* Required action:
Copy out all the entries below, word for word.

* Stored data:
Segment Open
(* Let $R$ be a commutative domain, $B=R(t,\sigma,H,J)$, assume $\sigma^n=\mathrm{id}_R$ and let $\mathcal O$ be a $\sigma$-orbit in $\operatorname{Maxspec}(R)$ of size $n$ containing at least one break. Let $M$ be a simple $B$-module which is an $R$-weight module with $\operatorname{Supp}_R(M)\subseteq\mathcal O$, and let $\mathfrak m\in\mathcal O$ be a break. Then $\mathfrak m$ is not both a $J$-break and an $H$-break for $M$. If $\mathfrak m$ is a $J$-break (resp. $H$-break) for $M$, then every break in $\mathcal O$ is a $J$-break (resp. $H$-break) for $M$, and $\operatorname{Supp}_R(M)=\mathcal O$.
   Context: $\Bbbk$ is a field; all algebras are associative unital $\Bbbk$-algebras. For an algebra $R$ and $\sigma\in\operatorname{Aut}_\Bbbk(R)$, $R[t,t^{-1};\sigma]$ is the skew Laurent ring: generated over $R$ by $t,t^{-1}$ with $tt^{-1}=t^{-1}t=1$ and $t^{\pm1}r=\sigma^{\pm1}(r)t^{\pm1}$ for $r\in R$. Given two-sided ideals $H,J$ of $R$, set $I^{(0)}=R$, $I^{(n)}=J\sigma(J)\cdots\sigma^{n-1}(J)$ for $n\ge1$, and $I^{(n)}=\sigma^{-1}(H)\sigma^{-2}(H)\cdots\sigma^{n}(H)$ for $n\le-1$; it is assumed throughout that $I^{(n)}\neq0$ for all $n\in\mathbb Z$. The Bell–Rogalski (BR) algebra is $R(t,\sigma,H,J)=\bigoplus_{n\in\mathbb Z}I^{(n)}t^n\subseteq R[t,t^{-1};\sigma]$. For $R$ commutative, $\mathcal S(B)=\{\mathfrak p\in\operatorname{Spec}(R):\mathfrak p\supseteq HJ\}$; a maximal ideal $\mathfrak m$ is a break if $\sigma(\mathfrak m)\in\mathcal S(B)$. A left $B$-module $M$ is an $R$-weight module if $M=\bigoplus_{\mathfrak m}M_{\mathfrak m}$, $M_{\mathfrak m}=\{v:\mathfrak mv=0\}$, each $\dim_{R/\mathfrak m}M_{\mathfrak m}<\infty$; $\operatorname{Supp}_R(M)=\{\mathfrak m:M_{\mathfrak m}\ne0\}$. $\sigma$-orbits are orbits of $k\cdot\mathfrak m=\sigma^k(\mathfrak m)$. For a weight module $M$ and a break $\mathfrak m$: $\mathfrak m$ is a $J$-break for $M$ if there exist $j\in J$ and $v\in M_{\mathfrak m}$ with $(jt)v\neq0$; $\mathfrak m$ is an $H$-break for $M$ if there exist $h\in H$ and $w\in M_{\sigma(\mathfrak m)}$ with $(\sigma^{-1}(h)t^{-1})w\neq0$. *)

theory Defs
  imports Main
begin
Segment Closed
* Exercise response:
(* Let $R$ be a commutative domain, $B=R(t,\sigma,H,J)$, assume $\sigma^n=\mathrm{id}_R$ and let $\mathcal O$ be a $\sigma$-orbit in $\operatorname{Maxspec}(R)$ of size $n$ containing at least one break. Let $M$ be a simple $B$-module which is an $R$-weight module with $\operatorname{Supp}_R(M)\subseteq\mathcal O$, and let $\mathfrak m\in\mathcal O$ be a break. Then $\mathfrak m$ is not both a $J$-break and an $H$-break for $M$. If $\mathfrak m$ is a $J$-break (resp. $H$-break) for $M$, then every break in $\mathcal O$ is a $J$-break (resp. $H$-break) for $M$, and $\operatorname{Supp}_R(M)=\mathcal O$.
   Context: $\Bbbk$ is a field; all algebras are associative unital $\Bbbk$-algebras. For an algebra $R$ and $\sigma\in\operatorname{Aut}_\Bbbk(R)$, $R[t,t^{-1};\sigma]$ is the skew Laurent ring: generated over $R$ by $t,t^{-1}$ with $tt^{-1}=t^{-1}t=1$ and $t^{\pm1}r=\sigma^{\pm1}(r)t^{\pm1}$ for $r\in R$. Given two-sided ideals $H,J$ of $R$, set $I^{(0)}=R$, $I^{(n)}=J\sigma(J)\cdots\sigma^{n-1}(J)$ for $n\ge1$, and $I^{(n)}=\sigma^{-1}(H)\sigma^{-2}(H)\cdots\sigma^{n}(H)$ for $n\le-1$; it is assumed throughout that $I^{(n)}\neq0$ for all $n\in\mathbb Z$. The Bell–Rogalski (BR) algebra is $R(t,\sigma,H,J)=\bigoplus_{n\in\mathbb Z}I^{(n)}t^n\subseteq R[t,t^{-1};\sigma]$. For $R$ commutative, $\mathcal S(B)=\{\mathfrak p\in\operatorname{Spec}(R):\mathfrak p\supseteq HJ\}$; a maximal ideal $\mathfrak m$ is a break if $\sigma(\mathfrak m)\in\mathcal S(B)$. A left $B$-module $M$ is an $R$-weight module if $M=\bigoplus_{\mathfrak m}M_{\mathfrak m}$, $M_{\mathfrak m}=\{v:\mathfrak mv=0\}$, each $\dim_{R/\mathfrak m}M_{\mathfrak m}<\infty$; $\operatorname{Supp}_R(M)=\{\mathfrak m:M_{\mathfrak m}\ne0\}$. $\sigma$-orbits are orbits of $k\cdot\mathfrak m=\sigma^k(\mathfrak m)$. For a weight module $M$ and a break $\mathfrak m$: $\mathfrak m$ is a $J$-break for $M$ if there exist $j\in J$ and $v\in M_{\mathfrak m}$ with $(jt)v\neq0$; $\mathfrak m$ is an $H$-break for $M$ if there exist $h\in H$ and $w\in M_{\sigma(\mathfrak m)}$ with $(\sigma^{-1}(h)t^{-1})w\neq0$. *)

theory Defs
  imports Main
begin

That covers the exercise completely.